Over filter coffee in Bangalore, a friend and I started geeking out about Apple’s Unified Memory Architecture , that idea of CPU and GPU sharing one big memory pool instead of juggling separate RAM and VRAM.

No ferrying tensors across a PCIe bus. No “copy to VRAM” tax. Just one giant, high-bandwidth pool shared by CPU, GPU, and the Neural Engine. On Apple silicon, memory sits on same chip as compute (SoC). Data moves less & latency drops. The whole pipeline feels simpler and more predictable. (This is literally how Apple describes their SoC + unified memory approach for developers.)

I went home wondering: Have I been optimizing for tokens-per-second when my real bottleneck is tokens-per-memory?

Can a Mac Really Handle Big Models?

Short answer: under the right conditions, yes. Apple’s current Mac Studio lineup can be configured with M3 Ultra and up to 512GB of unified memory.

Real-world? A respected reviewer ran a quantized DeepSeek R1 671B model entirely in Mac Studio M3 Ultra unified memory, by raising the default VRAM limit within macOS to let the GPU grab a massive slice of that shared pool and kept power draw under ~200W. That’s… wild. (It was a 4-bit quantized variant, not full-precision. But still.) [original post]

Does that mean “Apple beats NVIDIA, full stop”? No. It means UMA changes the constraint. For many workloads, the gating factor isn’t raw FLOPs — it’s whether the model fits. If you can fit the whole model (or most of it) into one pool without shuttling chunks back and forth, your experience changes: fewer “OOM” surprises, less orchestration overhead, simpler pipelines.

Why This Matters for Builder-Founders (like me)

I don’t care about winning synthetic benchmarks. I care about:

  • Serving grounded answers via agentic pipelines, not just raw speed.
  • Batch throughput for nightly jobs and async flows.
  • Latency that’s predictable, even if not blazing-fast.
  • Operational simplicity my team can support at 2am.

In that world, fit > flash. If a model fits comfortably, life is good. If it barely fits or spills, you enter a maze of hacks, sharding, and prayer.

UMA in Plain English

  • One big memory pool: CPU, GPU, and Neural Engine share it. No separate “VRAM island.”
  • Less copying: You’re not constantly moving tensors across a bus.
  • Dynamic allocation: When the GPU needs a lot, it can grab a lot (within system limits).
  • Lower energy, lower friction: Data stays close to compute.
  • Simplicity: Fewer moving parts to manage at the software layer.

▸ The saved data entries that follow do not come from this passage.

text \<open>Her own piece cannot contain the midpoint K+2u, so it holds at most one half; and the piece
  covering the point K+3u/2 is squeezed between the grid points K and K+2u, so it is exactly
  (K, K+2u) and holds one half of P k, which she does not envy.\<close>
lemma small_player_value:
  assumes k: "k < n - 2"
  shows "measure (val k) (x k) = 1 / 2"
proof -
  define K where "K = 2 * real k * u"
  have kn: "k < n" "Suc k \<le> n - 2" using k by auto
  have P_k: "(2 * real k + 1) * u = K + u" "(2 * real k + 3) * u = K + 3 * u"
    and mid: "2 * real (Suc k) * u = K + 2 * u"
    by (simp_all add: K_def algebra_simps)
  have K_bounds: "0 \<le> K" "K + 3 * u \<le> 1 - 4 * u"
    using P_ends(3)[OF k] u_pos unfolding P_k by (simp_all add: K_def)
  have "measure cake (P k \<inter> x k) \<le> u"
    using even_point_outside[OF kn(1,2)] P_overlap[OF k, of "a k" "b k"] x_ends[OF kn(1)] u_pos
    unfolding P_k mid by (auto simp: max_def min_def)
  then have upper: "measure (val k) (x k) \<le> 1 / 2"
    using u_pos unfolding value_P[OF k x_sets[OF kn(1)]] by (simp add: divide_le_eq)
  define p where "p = K + 3 / 2 * u"
  have "p \<in> (\<Union>i<n. closure (x i))"
    using x_complete K_bounds u_pos by (auto simp: complete_div_def p_def)
  then obtain j where j: "j < n" "p \<in> closure (x j)" by blast
  then have p_in: "a j \<le> p" "p \<le> b j"
    using x_ends[OF j(1)] piece_nonempty[OF j(1)] by auto
  have "K \<le> a j" "b j \<le> K + 2 * u"
    using even_point_outside[OF j(1), of k] even_point_outside[OF j(1) kn(2)] p_in u_pos kn(2)
    unfolding mid by (auto simp: K_def p_def)
  moreover have "measure cake (B \<inter> x j) = 2 * u" using B_piece_eq[OF j(1)] .
  ultimately have "a j = K" "b j = K + 2 * u"
    using B_piece[OF j(1)] K_bounds u_pos by (auto simp: max_def min_def split: if_splits)
  then have "measure cake (P k \<inter> x j) = u"
    using P_overlap[OF k, of "a j" "b j"] x_ends[OF j(1)] u_pos unfolding P_k by (simp add: max_def min_def)
  then have "measure (val k) (x j) = 1 / 2"
    using u_pos unfolding value_P[OF k x_sets[OF j(1)]] by simp
  then show ?thesis using no_envy[OF kn(1) j(1)] upper by simp
qed

lemma last_player_value: "measure (val (n - 1)) (x (n - 1)) = 1 / real n"
proof -
  have last: "n - 1 < n" using n_gt_2 by simp
  have "measure (val (n - 1)) (x (n - 1)) = measure cake (B \<inter> x (n - 1)) / (2 * real n * u)"
    by (rule value_B[OF x_sets[OF last]])
  also have "\<dots> = 1 / real n"
    using B_piece_eq[OF last] u_pos by simp
  finally show ?thesis .
qed


end

context cake_instance
begin

lemma complete_envy_free_values:
  assumes "division n x" "complete_div n x" "envy_free n val x"
  shows "k < n - 2 \<Longrightarrow> util val x k k = 1 / 2" "util val x (n - 1) (n - 1) = 1 / real n"
proof -
  obtain a b where "\<And>i. i < n \<Longrightarrow> 0 \<le> a i \<and> b i \<le> 1 \<and> x i = {a i<..<b i}"
    using division_endpoints[OF assms(1)] by blast
  then interpret complete_envy_free n x a b
    using assms n_gt_2 by unfold_locales
  show "k < n - 2 \<Longrightarrow> util val x k k = 1 / 2" "util val x (n - 1) (n - 1) = 1 / real n"
    using small_player_value last_player_value by (simp_all add: util_def)
qed

end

Caveats: UMA doesn’t magically remove all bottlenecks. If CPU, GPU, and other units hammer the pool at once, they still compete for bandwidth. And on Apple machines, memory is soldered buy once, cry once.

When NVIDIA Still Wins

I ran lightweight models (3B–9B) across a motley lab of Apple silicon (M1 → M4) and a Lenovo with an RTX 3060 (6GB). In this lightweight division, NVIDIA often wins on raw tokens/sec especially for tight kernels and mature CUDA paths. For custom training and niche ops, CUDA’s ecosystem still feels like home base.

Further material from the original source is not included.